- Effington Township, Minnesota Location within the state of Minnesota Effington Township, Minnesota Effington Township, Minnesota (the United States)
- Coordinates: 46°9′26″N 95°27′52″W﻿ / ﻿46.15722°N 95.46444°W
- Country: United States
- State: Minnesota
- County: Otter Tail

Area
- • Total: 35.0 sq mi (90.7 km^{2})
- • Land: 33.0 sq mi (85.4 km^{2})
- • Water: 2.0 sq mi (5.3 km^{2})
- Elevation: 1,522 ft (464 m)

Population (2000)
- • Total: 297
- • Density: 9.1/sq mi (3.5/km^{2})
- Time zone: UTC-6 (Central (CST))
- • Summer (DST): UTC-5 (CDT)
- FIPS code: 27-18278
- GNIS feature ID: 0664054

= Effington Township, Otter Tail County, Minnesota =

Effington Township is a township in Otter Tail County, Minnesota, United States. The population was 237 at the 2020 census.

Effington Township was organized in 1872, and its name was selected from a novel.

==Geography==
According to the United States Census Bureau, the township has a total area of 35.0 sqmi, of which 33.0 sqmi is land and 2.0 sqmi (5.83%) is water.

==Demographics==
As of the census of 2000, there were 297 people, 104 households, and 87 families residing in the township. The population density was 9.0 PD/sqmi. There were 134 housing units at an average density of 4.1 /sqmi. The racial makeup of the township was 100.00% White.

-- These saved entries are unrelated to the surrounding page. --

lemma moved_cycle_length_sum_lower_bound_step:
  assumes "finite S" "x \<in> S" "card S = Suc k" "2 \<le> k"
    and cycle_bound: "\<And>a. a \<in> S - {x} \<Longrightarrow>
      fact k * (k + 1) \<le> 4 * cycle_length_sum (S - {x}) a (\<not> b) + 2 * fact (k - 1)"
  shows "k * (k + 3) * fact k \<le> 4 * moved_cycle_length_sum S x b + 2 * fact k"
proof -
  let ?N = "card (parity_perms (S - {x}) (\<not> b))"
  have S': "finite (S - {x})" "card (S - {x}) = k" using assms by auto
  have N: "4 * ?N = 2 * fact k" using card_parity_perms[OF S'(1)] S'(2) assms(4) by simp
  have "k * (4 * ?N + fact k * (k + 1))
      \<le> (\<Sum>a\<in>S - {x}. 4 * ?N + 4 * cycle_length_sum (S - {x}) a (\<not> b) + 2 * fact (k - 1))"
    using sum_bounded_below[of "S - {x}" "4 * ?N + fact k * (k + 1)"] cycle_bound S'(2) by force
  also have "\<dots> = 4 * moved_cycle_length_sum S x b + k * (2 * fact (k - 1))"
    by (simp add: moved_cycle_length_sum_rec[OF assms(1,2)] sum.distrib sum_distrib_left S'(2))
  also have "k * (2 * fact (k - 1)) = 2 * fact k"
    using assms(4) by (cases k) auto
  finally show ?thesis unfolding N by (simp add: algebra_simps)
qed

lemma cycle_length_sum_lower_bound:
  assumes "finite S" "x \<in> S"
  shows "fact (card S) * (card S + 1) \<le> 4 * cycle_length_sum S x b + 2 * fact (card S - 1)"
  using assms
proof (induction "card S" arbitrary: S x b rule: less_induct)
  case less
  obtain k where k: "card S = Suc k" using less.prems by (cases "card S") auto
  consider "k = 0" | "k = 1" | "2 \<le> k" by linarith
  then show ?case
  proof cases
    case 1
    then show ?thesis using k by simp
  next
    case 2
    have "0 < least_power p x" if "p \<in> parity_perms S b" for p
      using that least_power_of_permutation(2)[OF permutes_imp_permutation[OF less.prems(1)]]
      by (simp add: parity_perms_def)
    then have "card (parity_perms S b) \<le> cycle_length_sum S x b"
      unfolding cycle_length_sum_def card_eq_sum by (intro sum_mono) (simp add: Suc_le_eq)
    moreover have "card (parity_perms S b) = 1"
      using card_parity_perms[OF less.prems(1), of b] k 2 by simp
    ultimately show ?thesis using k 2 by simp
  next
    case 3
    have "k * (k + 3) * fact k \<le> 4 * moved_cycle_length_sum S x b + 2 * fact k"
    proof (rule moved_cycle_length_sum_lower_bound_step[OF less.prems k 3])
      fix a assume a: "a \<in> S - {x}"
      have "card (S - {x}) = k" using k less.prems by simp
      then show "fact k * (k + 1) \<le> 4 * cycle_length_sum (S - {x}) a (\<not> b) + 2 * fact (k - 1)"
        using less.hyps[of "S - {x}" a "\<not> b"] less.prems a k by simp
    qed
    moreover have "4 * card (parity_perms (S - {x}) b) = 2 * fact k"
      using card_parity_perms[of "S - {x}" b] less.prems k 3 by simp
    moreover have "fact (card S) * (card S + 1) = k * (k + 3) * fact k + 2 * fact k"
      using k by (simp add: algebra_simps)
    ultimately show ?thesis
      using cycle_length_sum_eq_moved[OF less.prems, of b] k by simp
  qed
qed

lemma moved_cycle_length_sum_lower_bound:
  assumes "finite S" "x \<in> S" "card S = Suc k" "2 \<le> k"
  shows "k * (k + 3) * fact k \<le> 4 * moved_cycle_length_sum S x b + 2 * fact k"
  using assms cycle_length_sum_lower_bound[of "S - {x}"]
  by (intro moved_cycle_length_sum_lower_bound_step) auto

lemma alt_group_nat_pow:
  assumes "p \<in> carrier (alt_group n)"
  shows "p [^]\<^bsub>alt_group n\<^esub> (k::nat) = p ^^ k"
proof (induction k)
  case (Suc k)
  then show ?case by (simp add: alt_group_mult funpow_Suc_right del: funpow.simps)
qed (simp add: alt_group_one)

lemma finite_carrier_alt_group: "finite (carrier (alt_group n))"
  by (rule finite_subset[OF _ finite_permutations[of "{1..n}"]]) (auto simp: alt_group_carrier)

lemma least_power_le_ord_alt_group:
  assumes "p \<in> carrier (alt_group n)"
  shows "least_power p x \<le> group.ord (alt_group n) p"
proof -
  interpret A: group "alt_group n" by (rule alt_group_is_group)
  have "0 < A.ord p" using A.ord_ge_1[OF finite_carrier_alt_group assms] by simp
  moreover have "(p ^^ A.ord p) x = x"
    using A.pow_ord_eq_1[OF assms] alt_group_nat_pow[OF assms] by (simp add: alt_group_one)
  ultimately show ?thesis by (intro dvd_imp_le least_power_minimal)
qed

lemma moved_cycle_length_sums_le_psi_alt_group:
  assumes "1 \<le> n"
  shows "moved_cycle_length_sum {1..n} 1 True + moved_cycle_length_sum {2..n} 2 True \<le> psi (alt_group n)"
proof -
  let ?S = "{1..n::nat}"
  have carrier: "carrier (alt_group n) = parity_perms ?S True"
    by (auto simp: parity_perms_def alt_group_carrier)
  have S': "?S - {1} = {2..n}" by auto
  define h where "h p = (if p 1 = 1 then 0 else least_power p 1)
    + (if p 1 = 1 then (if p 2 = 2 then 0 else least_power p 2) else 0)" for p :: "nat \<Rightarrow> nat"
  have "(\<Sum>p\<in>parity_perms ?S True. if p 1 = 1 then (if p 2 = 2 then 0 else least_power p 2) else 0)
      = (\<Sum>p\<in>{p \<in> parity_perms ?S True. p 1 = 1}. if p 2 = 2 then 0 else least_power p 2)"
    by (simp add: sum.inter_filter[OF finite_parity_perms])
  also have "\<dots> = moved_cycle_length_sum {2..n} 2 True"
    using parity_perms_fixing[of 1 ?S True] assms S' by (simp add: moved_cycle_length_sum_def)
  finally have fixing_1: "(\<Sum>p\<in>parity_perms ?S True.
      if p 1 = 1 then (if p 2 = 2 then 0 else least_power p 2) else 0) = moved_cycle_length_sum {2..n} 2 True" .
  have "moved_cycle_length_sum ?S 1 True + moved_cycle_length_sum {2..n} 2 True
      = (\<Sum>p\<in>parity_perms ?S True. h p)"
    unfolding h_def sum.distrib fixing_1 moved_cycle_length_sum_def ..
  also have "\<dots> \<le> (\<Sum>p\<in>parity_perms ?S True. group.ord (alt_group n) p)"
    \<comment> \<open>at most one summand of h p is non-zero, and each is the length of a cycle of p\<close>
    using least_power_le_ord_alt_group[of _ n] unfolding carrier[symmetric] h_def
    by (intro sum_mono) (auto simp del: One_nat_def)
  finally show ?thesis unfolding psi_def carrier .
qed

lemma avg_ord_alt_group_ge:
  assumes "6 \<le> n"
  shows "3.55 \<le> avg_ord (alt_group n)"
proof -
  define j where "j = n - 2"
  have n: "n = j + 2" and j: "4 \<le> j" using assms by (simp_all add: j_def)
  define F :: nat where "F = fact j"
  define M1 where "M1 = moved_cycle_length_sum {1..n} 1 True"
  define M2 where "M2 = moved_cycle_length_sum {2..n} 2 True"
  have "(j + 1) * (j + 4) * ((j + 1) * F) \<le> 4 * M1 + 2 * ((j + 1) * F)"
    using moved_cycle_length_sum_lower_bound[of "{1..n}" 1 "j + 1" True] n j
    by (simp add: M1_def F_def algebra_simps)
  moreover have "j * (j + 3) * F \<le> 4 * M2 + 2 * F"
    using moved_cycle_length_sum_lower_bound[of "{2..n}" 2 j] n j by (simp add: M2_def F_def)
  moreover have "355 * (j + 2) * (j + 1) + 100 * (j + 1) + 100 \<le> 50 * ((j + 1) * (j + 1) * (j + 4) + j * (j + 3))"
  proof -
    obtain i where "j = i + 4" using j by (metis add.commute le_add_diff_inverse)
    then show ?thesis by (simp add: algebra_simps)
  qed
  then have "(355 * (j + 2) * (j + 1) + 100 * (j + 1) + 100) * F
      \<le> 50 * ((j + 1) * (j + 1) * (j + 4) + j * (j + 3)) * F"
    by (rule mult_right_mono) simp
  ultimately have "355 * ((j + 2) * ((j + 1) * F)) \<le> 200 * (M1 + M2)"
    unfolding add_mult_distrib add_mult_distrib2 mult.assoc by linarith
  also have "M1 + M2 \<le> psi (alt_group n)"
    unfolding M1_def M2_def using n by (intro moved_cycle_length_sums_le_psi_alt_group) simp
  finally have "355 * ((j + 2) * ((j + 1) * F)) \<le> 200 * psi (alt_group n)" by simp
  moreover have order: "2 * order (alt_group n) = (j + 2) * ((j + 1) * F)"
    unfolding order_def using alt_group_card_carrier[of n] n by (simp add: F_def)
  ultimately have "real (71 * order (alt_group n)) \<le> real (20 * psi (alt_group n))"
    unfolding of_nat_le_iff by linarith
  moreover have "0 < order (alt_group n)"
    using monoid.order_gt_0_iff_finite[OF group.is_monoid[OF alt_group_is_group]] finite_carrier_alt_group by blast
  ultimately show ?thesis
    unfolding avg_ord_def by (simp add: field_simps)
qed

There were 104 households, out of which 40.4% had children under the age of 18 living with them, 75.0% were married couples living together, 5.8% had a female householder with no husband present, and 15.4% were non-families. 14.4% of all households were made up of individuals, and 6.7% had someone living alone who was 65 years of age or older. The average household size was 2.86 and the average family size was 3.16.

In the township the population was spread out, with 28.3% under the age of 18, 5.4% from 18 to 24, 24.2% from 25 to 44, 24.9% from 45 to 64, and 17.2% who were 65 years of age or older. The median age was 40 years. For every 100 females, there were 115.2 males. For every 100 females age 18 and over, there were 117.3 males.

The median income for a household in the township was $30,000, and the median income for a family was $31,250. Males had a median income of $26,250 versus $24,375 for females. The per capita income for the township was $13,734. About 7.9% of families and 6.7% of the population were below the poverty line, including 3.1% of those under the age of eighteen and 19.2% of those 65 or over.